YOUR TASK:
Scan the records for "then" and copy each line that contains it.

EXTRACTED MATERIAL:
lemma lower_cover_exists:
  assumes x: "x \<in> Idn d n" and "x \<noteq> imin d"
  shows "\<exists>y. bruhat_covers d n y x"
proof -
  have l: "length x = d" using x by (simp add: Idn_def)
  have "\<exists>p<d. x ! p \<noteq> p + 1"
    using assms l nth_equalityI[of x "imin d"] by (auto simp: imin_def simp del: upt_Suc)
  define p where "p = (LEAST p. p < d \<and> x ! p \<noteq> p + 1)"
  have pd: "p < d" and "x ! p \<noteq> p + 1"
    using LeastI_ex[OF \<open>\<exists>p<d. x ! p \<noteq> p + 1\<close>] by (auto simp: p_def)
  then have xp: "p + 2 \<le> x ! p" using Idn_nth_bounds(1)[OF x pd] by linarith
  have before: "x ! h = h + 1" if "h < p" for h
    using not_less_Least[of h "\<lambda>p. p < d \<and> x ! p \<noteq> p + 1"] that pd by (auto simp: p_def)
  \<comment> \<open>the entries before p are minimal, so lowering x ! p keeps x strictly increasing\<close>
  define y where "y = x[p := x ! p - 1]"
  have ynth: "y ! h = (if h = p then x ! p - 1 else x ! h)" if "h < d" for h
    using that l by (simp add: y_def)
  have mono: "x ! i < x ! j" if "i < j" "j < d" for i j
    using x that by (simp add: Idn_iff_nth)
  have "y \<in> Idn d n"
    unfolding Idn_iff_nth
  proof (intro conjI allI impI)
    fix i j assume ij: "i < j" "j < d"
    show "y ! i < y ! j"
    proof (cases "j = p")
      case True
      then show ?thesis using ij xp ynth before[of i] by simp
    next
      case False
      have "x ! p - 1 < x ! j" if "p < j" using mono[OF that ij(2)] by linarith
      then show ?thesis using False ij mono[OF ij] ynth by simp
    qed
  next
    fix h assume "h < d"
    then show "1 \<le> y ! h" "y ! h \<le> n" using x ynth xp by (auto simp: Idn_iff_nth)
  qed (simp add: y_def l)
  then have "bruhat_covers d n y x"
    by (rule bruhat_covers_if_nth_Suc[OF _ x pd]) (use ynth pd xp in auto)
  then show ?thesis by blast
qed
lemma signed_signed_same [simp]: "v \<in> carrier M \<Longrightarrow> signed M n (signed M n v) = v"
  by (simp add: signed_def M.minus_minus)

lemma signed_add:
  "v \<in> carrier M \<Longrightarrow> w \<in> carrier M \<Longrightarrow> signed M n (v \<oplus>\<^bsub>M\<^esub> w) = signed M n v \<oplus>\<^bsub>M\<^esub> signed M n w"
  by (simp add: signed_def M.minus_add)

lemma signed_uminus: "v \<in> carrier M \<Longrightarrow> signed M n (\<ominus>\<^bsub>M\<^esub> v) = \<ominus>\<^bsub>M\<^esub> signed M n v"
  by (simp add: signed_def)

lemma signed_smult: "a \<in> carrier R \<Longrightarrow> v \<in> carrier M \<Longrightarrow> signed M n (a \<odot>\<^bsub>M\<^esub> v) = a \<odot>\<^bsub>M\<^esub> signed M n v"
  by (simp add: signed_def smult_r_minus)

lemma signed_eq_zero_iff: "v \<in> carrier M \<Longrightarrow> signed M n v = \<zero>\<^bsub>M\<^esub> \<longleftrightarrow> v = \<zero>\<^bsub>M\<^esub>"
  by (metis signed_def M.minus_minus M.a_inv_zero)

lemma finsum_uminus:
  "finite A \<Longrightarrow> f \<in> A \<rightarrow> carrier M \<Longrightarrow> (\<Oplus>\<^bsub>M\<^esub>k\<in>A. \<ominus>\<^bsub>M\<^esub> f k) = \<ominus>\<^bsub>M\<^esub> finsum M f A"
proof (induct A rule: finite_induct)
  case (insert a A)
  then show ?case by (simp add: M.minus_add M.finsum_closed Pi_def M.a_comm)
qed simp

lemma finsum_signed:
  "finite A \<Longrightarrow> f \<in> A \<rightarrow> carrier M \<Longrightarrow> (\<Oplus>\<^bsub>M\<^esub>k\<in>A. signed M n (f k)) = signed M n (finsum M f A)"
  by (simp add: signed_def finsum_uminus)

lemma kdiff_closed:
  "(\<And>k. k \<in> T \<Longrightarrow> x k \<in> carrier R) \<Longrightarrow> (\<And>k. k \<in> T \<Longrightarrow> \<phi> (T - {k}) \<in> carrier M)
   \<Longrightarrow> kdiff R M x \<phi> T \<in> carrier M"
  unfolding kdiff_def by (intro M.finsum_closed) auto

lemma kdiff_empty [simp]: "kdiff R M x \<phi> {} = \<zero>\<^bsub>M\<^esub>"
  by (simp add: kdiff_def)

lemma kdiff_cong:
  assumes "\<And>k. k \<in> T \<Longrightarrow> x k = x' k" "\<And>k. k \<in> T \<Longrightarrow> \<phi> (T - {k}) = \<phi>' (T - {k})"
    "\<And>k. k \<in> T \<Longrightarrow> x k \<in> carrier R" "\<And>k. k \<in> T \<Longrightarrow> \<phi> (T - {k}) \<in> carrier M"
  shows "kdiff R M x \<phi> T = kdiff R M x' \<phi>' T"
  unfolding kdiff_def using assms by (intro M.finsum_cong') auto

lemma kdiff_add:
  assumes "finite T" "\<And>k. k \<in> T \<Longrightarrow> x k \<in> carrier R"
    "\<And>k. k \<in> T \<Longrightarrow> \<phi> (T - {k}) \<in> carrier M" "\<And>k. k \<in> T \<Longrightarrow> \<psi> (T - {k}) \<in> carrier M"
  shows "kdiff R M x (\<lambda>S. \<phi> S \<oplus>\<^bsub>M\<^esub> \<psi> S) T = kdiff R M x \<phi> T \<oplus>\<^bsub>M\<^esub> kdiff R M x \<psi> T"
proof -
  have "kdiff R M x (\<lambda>S. \<phi> S \<oplus>\<^bsub>M\<^esub> \<psi> S) T =
    (\<Oplus>\<^bsub>M\<^esub>k\<in>T. signed M (card {j\<in>T. j<k}) (x k \<odot>\<^bsub>M\<^esub> \<phi> (T - {k}))
       \<oplus>\<^bsub>M\<^esub> signed M (card {j\<in>T. j<k}) (x k \<odot>\<^bsub>M\<^esub> \<psi> (T - {k})))"
    unfolding kdiff_def using assms by (intro M.finsum_cong') (auto simp: smult_r_distr signed_add)
  also have "\<dots> = kdiff R M x \<phi> T \<oplus>\<^bsub>M\<^esub> kdiff R M x \<psi> T"
    unfolding kdiff_def using assms by (intro M.finsum_addf) auto
  finally show ?thesis .
qed

lemma kdiff_uminus:
  assumes "finite T" "\<And>k. k \<in> T \<Longrightarrow> x k \<in> carrier R" "\<And>k. k \<in> T \<Longrightarrow> \<phi> (T - {k}) \<in> carrier M"
  shows "kdiff R M x (\<lambda>S. \<ominus>\<^bsub>M\<^esub> \<phi> S) T = \<ominus>\<^bsub>M\<^esub> kdiff R M x \<phi> T"
proof -
  have "kdiff R M x (\<lambda>S. \<ominus>\<^bsub>M\<^esub> \<phi> S) T =
    (\<Oplus>\<^bsub>M\<^esub>k\<in>T. \<ominus>\<^bsub>M\<^esub> signed M (card {j\<in>T. j<k}) (x k \<odot>\<^bsub>M\<^esub> \<phi> (T - {k})))"
    unfolding kdiff_def using assms by (intro M.finsum_cong') (auto simp: smult_r_minus signed_uminus)
  also have "\<dots> = \<ominus>\<^bsub>M\<^esub> kdiff R M x \<phi> T"
    unfolding kdiff_def using assms by (intro finsum_uminus) auto
  finally show ?thesis .
qed

lemma kdiff_smult:
  assumes "finite T" "a \<in> carrier R" "\<And>k. k \<in> T \<Longrightarrow> x k \<in> carrier R"
    "\<And>k. k \<in> T \<Longrightarrow> \<phi> (T - {k}) \<in> carrier M"
  shows "kdiff R M x (\<lambda>S. a \<odot>\<^bsub>M\<^esub> \<phi> S) T = a \<odot>\<^bsub>M\<^esub> kdiff R M x \<phi> T"
proof -
  have "kdiff R M x (\<lambda>S. a \<odot>\<^bsub>M\<^esub> \<phi> S) T =
    (\<Oplus>\<^bsub>M\<^esub>k\<in>T. a \<odot>\<^bsub>M\<^esub> signed M (card {j\<in>T. j<k}) (x k \<odot>\<^bsub>M\<^esub> \<phi> (T - {k})))"
    unfolding kdiff_def using assms
    by (intro M.finsum_cong') (auto simp: signed_smult smult_assoc1[symmetric] m_comm)
  also have "\<dots> = a \<odot>\<^bsub>M\<^esub> kdiff R M x \<phi> T"
    unfolding kdiff_def using assms by (intro finsum_smult_ldistr[symmetric]) auto
  finally show ?thesis .
qed

lemma kdiff_zero:
  assumes "\<And>k. k \<in> T \<Longrightarrow> x k \<in> carrier R"
  shows "kdiff R M x (\<lambda>S. \<zero>\<^bsub>M\<^esub>) T = \<zero>\<^bsub>M\<^esub>"
  unfolding kdiff_def using assms by (subst M.finsum_cong'[of _ _ "\<lambda>_. \<zero>\<^bsub>M\<^esub>"]) auto

lemma kcochain_mono: "kcochain M I' i \<phi> \<Longrightarrow> I \<subseteq> I' \<Longrightarrow> kcochain M I i \<phi>"
  by (auto simp: kcochain_def)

WRITTEN RESPONSE:
  then have xp: "p + 2 \<le> x ! p" using Idn_nth_bounds(1)[OF x pd] by linarith
  have ynth: "y ! h = (if h = p then x ! p - 1 else x ! h)" if "h < d" for h
      then show ?thesis using ij xp ynth before[of i] by simp
      then show ?thesis using False ij mono[OF ij] ynth by simp
    then show "1 \<le> y ! h" "y ! h \<le> n" using x ynth xp by (auto simp: Idn_iff_nth)
  then have "bruhat_covers d n y x"
  then show ?thesis by blast
  then show ?case by (simp add: M.minus_add M.finsum_closed Pi_def M.a_comm)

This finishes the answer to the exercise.